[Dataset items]

--------------------------------

(* Let $G$ be a road network with $n$ nodes and maximum degree $\Delta$, with random edge nuances as in the context. Let $i\in[0,h]$, let $B$ be a $4\times4$-cell region of $R_i$, and let $s$ be a node in $B$. Let $\zeta$ (resp. $\zeta'$) be the event that there exists another node $v$ such that the local shortest path from $s$ to $v$ (resp. from $v$ to $s$) in $B$ is not unique. Then $\Pr\{\zeta\vee\zeta'\}\le \binom{\Delta}{2}\cdot 2n/\tau$.
   Context: A road network $G$ is a directed, connected graph of bounded degree with $n$ nodes, each located at a point of the plane, each edge $e$ having positive length $l(e)$; $l(P)$ is the sum of edge lengths along a path. Grids: $R_h$ is a $4\times4$-cell grid tightly covering all nodes; each cell is recursively split into $2\times2$ cells until each cell contains at most one node, giving $h$ grids; for $i\in[0,h]$, $R_i$ denotes the square grid over the same square with $2^{h+2-i}\times2^{h+2-i}$ cells. A $4\times4$-cell region is a block of $4\times4$ consecutive cells. A path is a local path in $B$ if at most one of its edges (as a straight segment) intersects the boundary of $B$. Each edge $e$ receives an independent uniformly random integer nuance $\rho(e)\in\{0,\dots,\tau-1\}$, and $\rho(P)=\sum_{e\in P}\rho(e)$. Path $P_1$ is shorter than $P_2$ if $l(P_1)<l(P_2)$, or $l(P_1)=l(P_2)$ and $\rho(P_1)<\rho(P_2)$. A local shortest path from $s$ to $v$ in $B$ is a local path in $B$ from $s$ to $v$ not beaten in this order by any other such local path; it is not unique if two distinct such paths have equal length and equal nuance. *)

theory Defs
  imports "HOL-Probability.Probability"
begin

text \<open>Node positions are assumed pairwise distinct (needed for the grid hierarchy to terminate).\<close>

definition road_network ::
  "'v set \<Rightarrow> ('v \<times> 'v) set \<Rightarrow> ('v \<Rightarrow> real \<times> real) \<Rightarrow> ('v \<times> 'v \<Rightarrow> real) \<Rightarrow> bool" where
  "road_network V E pos l \<longleftrightarrow>
     finite V \<and> V \<noteq> {} \<and> E \<subseteq> V \<times> V \<and>
     (\<forall>u\<in>V. \<forall>w\<in>V. (u, w) \<in> (E \<union> E\<inverse>)\<^sup>*) \<and>
     (\<forall>e\<in>E. 0 < l e) \<and> inj_on pos V"

definition degree :: "('v \<times> 'v) set \<Rightarrow> 'v \<Rightarrow> nat" where
  "degree E u = card {e \<in> E. fst e = u \<or> snd e = u}"

definition max_degree :: "'v set \<Rightarrow> ('v \<times> 'v) set \<Rightarrow> nat" where
  "max_degree V E = Max (degree E ` V)"

definition path_edges :: "'v list \<Rightarrow> ('v \<times> 'v) list" where
  "path_edges p = zip p (tl p)"

definition is_path :: "('v \<times> 'v) set \<Rightarrow> 'v \<Rightarrow> 'v \<Rightarrow> 'v list \<Rightarrow> bool" where
  "is_path E s t p \<longleftrightarrow> p \<noteq> [] \<and> hd p = s \<and> last p = t \<and> distinct p \<and> set (path_edges p) \<subseteq> E"

definition plen :: "('v \<times> 'v \<Rightarrow> real) \<Rightarrow> 'v list \<Rightarrow> real" where
  "plen l p = sum_list (map l (path_edges p))"

definition pnu :: "('v \<times> 'v \<Rightarrow> nat) \<Rightarrow> 'v list \<Rightarrow> nat" where
  "pnu \<rho> p = sum_list (map \<rho> (path_edges p))"

definition path_shorter :: "('v \<times> 'v \<Rightarrow> real) \<Rightarrow> ('v \<times> 'v \<Rightarrow> nat) \<Rightarrow> 'v list \<Rightarrow> 'v list \<Rightarrow> bool" where
  "path_shorter l \<rho> p q \<longleftrightarrow> plen l p < plen l q \<or> (plen l p = plen l q \<and> pnu \<rho> p < pnu \<rho> q)"

definition local_path ::
  "('v \<Rightarrow> real \<times> real) \<Rightarrow> ('v \<times> 'v) set \<Rightarrow> (real \<times> real) set \<Rightarrow> 'v \<Rightarrow> 'v \<Rightarrow> 'v list \<Rightarrow> bool" where
  "local_path pos E B s t p \<longleftrightarrow> is_path E s t p \<and>
     length (filter (\<lambda>(u, w). closed_segment (pos u) (pos w) \<inter> frontier B \<noteq> {}) (path_edges p)) \<le> 1"

definition local_shortest ::
  "('v \<Rightarrow> real \<times> real) \<Rightarrow> ('v \<times> 'v) set \<Rightarrow> ('v \<times> 'v \<Rightarrow> real) \<Rightarrow> ('v \<times> 'v \<Rightarrow> nat) \<Rightarrow>
   (real \<times> real) set \<Rightarrow> 'v \<Rightarrow> 'v \<Rightarrow> 'v list \<Rightarrow> bool" where
  "local_shortest pos E l \<rho> B s t p \<longleftrightarrow> local_path pos E B s t p \<and>
     \<not> (\<exists>q. local_path pos E B s t q \<and> path_shorter l \<rho> q p)"

definition lsp_not_unique ::
  "('v \<Rightarrow> real \<times> real) \<Rightarrow> ('v \<times> 'v) set \<Rightarrow> ('v \<times> 'v \<Rightarrow> real) \<Rightarrow> ('v \<times> 'v \<Rightarrow> nat) \<Rightarrow>
   (real \<times> real) set \<Rightarrow> 'v \<Rightarrow> 'v \<Rightarrow> bool" where
  "lsp_not_unique pos E l \<rho> B s t \<longleftrightarrow>
     (\<exists>p q. p \<noteq> q \<and> local_shortest pos E l \<rho> B s t p \<and> local_shortest pos E l \<rho> B s t q \<and>
            plen l p = plen l q \<and> pnu \<rho> p = pnu \<rho> q)"
section \<open>Cole--Vishkin colour reduction\<close>

definition first_diff_bit :: "nat \<Rightarrow> nat \<Rightarrow> nat" where
  "first_diff_bit x y = (LEAST k. bit x k \<noteq> bit y k)"

lemma bit_first_diff_bit:
  assumes "x \<noteq> y" shows "bit x (first_diff_bit x y) \<noteq> bit y (first_diff_bit x y)"
proof -
  have "\<exists>k. bit x k \<noteq> bit y k" using assms bit_eq_iff by blast
  then show ?thesis unfolding first_diff_bit_def by (rule LeastI_ex)
qed

lemma first_diff_bit_less:
  assumes "x \<noteq> y" "x < 2 ^ B" "y < 2 ^ B" shows "first_diff_bit x y < B"
proof (rule ccontr)
  assume "\<not> first_diff_bit x y < B"
  then have "(2::nat) ^ B \<le> 2 ^ first_diff_bit x y" by (simp add: power_increasing)
  then have "x < 2 ^ first_diff_bit x y" "y < 2 ^ first_diff_bit x y"
    using assms(2,3) by linarith+
  then have "\<not> bit x (first_diff_bit x y)" "\<not> bit y (first_diff_bit x y)"
    by (simp_all add: bit_iff_odd)
  with bit_first_diff_bit[OF assms(1)] show False by metis
qed

lemma double_plus_of_bool_eq_iff:
  "2 * a + of_bool p = 2 * b + (of_bool q :: nat) \<longleftrightarrow> a = b \<and> p = q"
  by (cases p; cases q; simp; presburger)

definition cole_vishkin :: "nat \<Rightarrow> nat \<Rightarrow> nat" where
  "cole_vishkin x y = 2 * first_diff_bit x y + of_bool (bit x (first_diff_bit x y))"

lemma cole_vishkin_neq:
  assumes "x \<noteq> y" "y \<noteq> z" shows "cole_vishkin x y \<noteq> cole_vishkin y z"
proof
  assume "cole_vishkin x y = cole_vishkin y z"
  then have "first_diff_bit x y = first_diff_bit y z"
    "bit x (first_diff_bit x y) = bit y (first_diff_bit y z)"
    unfolding cole_vishkin_def double_plus_of_bool_eq_iff by auto
  with bit_first_diff_bit[OF assms(1)] show False by metis
qed

lemma cole_vishkin_neq_mod2:
  assumes "x \<noteq> y" shows "cole_vishkin x y \<noteq> y mod 2"
proof
  assume "cole_vishkin x y = y mod 2"
  then have "2 * first_diff_bit x y + of_bool (bit x (first_diff_bit x y)) = of_bool (odd y)"
    unfolding cole_vishkin_def by (simp add: odd_iff_mod_2_eq_one)
  then have "first_diff_bit x y = 0" "bit x (first_diff_bit x y) = odd y"
    using double_plus_of_bool_eq_iff[of _ _ 0] by auto
  with bit_first_diff_bit[OF assms] show False by (simp add: bit_0)
qed

lemma cole_vishkin_less:
  assumes "x \<noteq> y" "x < 2 ^ B" "y < 2 ^ B" shows "cole_vishkin x y < 2 * B"
  using first_diff_bit_less[OF assms] unfolding cole_vishkin_def by simp

section \<open>Vertices of high degree in forests\<close>

definition degree_in :: "(nat \<Rightarrow> nat \<Rightarrow> bool) \<Rightarrow> nat set \<Rightarrow> nat \<Rightarrow> nat" where
  "degree_in E A v = card {u\<in>A. E v u}"

definition simple_paths :: "(nat \<Rightarrow> nat \<Rightarrow> bool) \<Rightarrow> nat set \<Rightarrow> nat list set" where
  "simple_paths E A = {xs. xs \<noteq> [] \<and> distinct xs \<and> set xs \<subseteq> A \<and>
     (\<forall>i. i + 1 < length xs \<longrightarrow> E (xs ! i) (xs ! (i + 1)))}"

lemma finite_simple_paths:
  assumes "finite A" shows "finite (simple_paths E A)"
proof (rule finite_subset)
  show "simple_paths E A \<subseteq> {xs. set xs \<subseteq> A \<and> length xs \<le> card A}"
  proof
    fix xs assume "xs \<in> simple_paths E A"
    then have "distinct xs" "set xs \<subseteq> A" unfolding simple_paths_def by auto
    moreover from this have "length xs \<le> card A"
      using distinct_card[of xs] card_mono[OF assms] by metis
    ultimately show "xs \<in> {xs. set xs \<subseteq> A \<and> length xs \<le> card A}" by simp
  qed
  show "finite {xs. set xs \<subseteq> A \<and> length xs \<le> card A}"
    using finite_lists_length_le[OF assms] .
qed

lemma simple_paths_snoc:
  assumes "xs \<in> simple_paths E A" "u \<in> A" "u \<notin> set xs" "E (last xs) u"
  shows "xs @ [u] \<in> simple_paths E A"
  unfolding simple_paths_def
proof (intro CollectI conjI allI impI)
  fix i assume i: "i + 1 < length (xs @ [u])"
  show "E ((xs @ [u]) ! i) ((xs @ [u]) ! (i + 1))"
  proof (cases "i + 1 < length xs")
    case True
    then show ?thesis using assms(1) by (simp add: simple_paths_def nth_append)
  next
    case False
    then have "i = length xs - 1" "xs \<noteq> []" using i assms(1) by (auto simp: simple_paths_def)
    then show ?thesis using assms(4) by (simp add: nth_append last_conv_nth)
  qed
qed (use assms(1-3) in \<open>simp_all add: simple_paths_def\<close>)

lemma acyclic_no_closing_edge:
  assumes "graph_acyclic V E" "A \<subseteq> V" "xs \<in> simple_paths E A"
    and "k + 3 \<le> length xs" "E (last xs) (xs ! k)"
  shows False
proof -
  let ?cyc = "drop k xs"
  have "length ?cyc \<ge> 3" "distinct ?cyc" "set ?cyc \<subseteq> V"
    using assms(2-4) set_drop_subset[of k xs] by (auto simp: simple_paths_def)
  moreover have "\<forall>i. i + 1 < length ?cyc \<longrightarrow> E (?cyc ! i) (?cyc ! (i + 1))"
    using assms(3) by (simp add: simple_paths_def add.assoc)
  moreover have "E (last ?cyc) (hd ?cyc)"
    using assms(4,5) by (simp add: hd_drop_conv_nth)
  ultimately show False using assms(1) unfolding graph_acyclic_def by blast
qed

lemma longest_simple_path:
  assumes "finite A" "A \<noteq> {}"
  obtains xs where "xs \<in> simple_paths E A" "\<And>ys. ys \<in> simple_paths E A \<Longrightarrow> length ys \<le> length xs"
proof -
  obtain a where "a \<in> A" using assms(2) by blast
  then have "[a] \<in> simple_paths E A" unfolding simple_paths_def by simp
  then have ne: "length ` simple_paths E A \<noteq> {}" by blast
  have fin: "finite (length ` simple_paths E A)" using finite_simple_paths[OF assms(1)] by blast
  obtain xs where "xs \<in> simple_paths E A" "length xs = Max (length ` simple_paths E A)"
    using Max_in[OF fin ne] by auto
  then show ?thesis using that Max_ge[OF fin] by simp
qed

text \<open>The last vertex of a longest path has no neighbour off the path (it would extend the
  path) and none on it except its predecessor (it would close a cycle).\<close>
lemma acyclic_has_low_degree_vertex:
  assumes sg: "simple_graph V E" and ac: "graph_acyclic V E" and A: "A \<subseteq> V" "A \<noteq> {}"
  shows "\<exists>w\<in>A. degree_in E A w \<le> 1"
proof (rule ccontr)
  assume "\<not> ?thesis"
  then have deg2: "\<And>w. w \<in> A \<Longrightarrow> 2 \<le> card {u\<in>A. E w u}"
    unfolding degree_in_def by force
  have "finite A" using sg A finite_subset unfolding simple_graph_def by blast
  then obtain xs where xs: "xs \<in> simple_paths E A"
    and longest: "\<And>ys. ys \<in> simple_paths E A \<Longrightarrow> length ys \<le> length xs"
    using longest_simple_path A(2) by blast
  have xs_props: "xs \<noteq> []" "set xs \<subseteq> A" using xs unfolding simple_paths_def by auto
  define z where "z = last xs"
  have "z \<in> A" using xs_props unfolding z_def by auto
  obtain u where u: "u \<in> A" "E z u" and not_pred: "2 \<le> length xs \<Longrightarrow> u \<noteq> xs ! (length xs - 2)"
  proof -
    have "\<not> {u\<in>A. E z u} \<subseteq> {xs ! (length xs - 2)}"
    proof
      assume "{u\<in>A. E z u} \<subseteq> {xs ! (length xs - 2)}"
      then have "card {u\<in>A. E z u} \<le> 1" using card_mono[of "{xs ! (length xs - 2)}"] by simp
      with deg2[OF \<open>z \<in> A\<close>] show False by simp
    qed
    then show ?thesis using that by blast
  qed
  show False
  proof (cases "u \<in> set xs")
    case False
    then have "xs @ [u] \<in> simple_paths E A" using simple_paths_snoc xs u unfolding z_def by blast
    with longest show False by fastforce
  next
    case True
    then obtain k where k: "k < length xs" "xs ! k = u" by (auto simp: in_set_conv_nth)
    have "z = xs ! (length xs - 1)" using xs_props unfolding z_def by (simp add: last_conv_nth)
    then have "k \<noteq> length xs - 1" "2 \<le> length xs \<Longrightarrow> k \<noteq> length xs - 2"
      using sg u not_pred k unfolding simple_graph_def by auto
    then have "k + 3 \<le> length xs" using k(1) by (cases "2 \<le> length xs") auto
    then show False using acyclic_no_closing_edge[OF ac A(1) xs] u k unfolding z_def by blast
  qed
qed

--------------------------------

- _Exercise instructions_: Going back to the entries above, set down exactly the lines that begin at the one with "x y = y mod" and end at the one with "using double_plus_of_bool_eq_iff[of _", both included, and nothing else.

- _Worked solution_:
  assume "cole_vishkin x y = y mod 2"
  then have "2 * first_diff_bit x y + of_bool (bit x (first_diff_bit x y)) = of_bool (odd y)"
    unfolding cole_vishkin_def by (simp add: odd_iff_mod_2_eq_one)
  then have "first_diff_bit x y = 0" "bit x (first_diff_bit x y) = odd y"
    using double_plus_of_bool_eq_iff[of _ _ 0] by auto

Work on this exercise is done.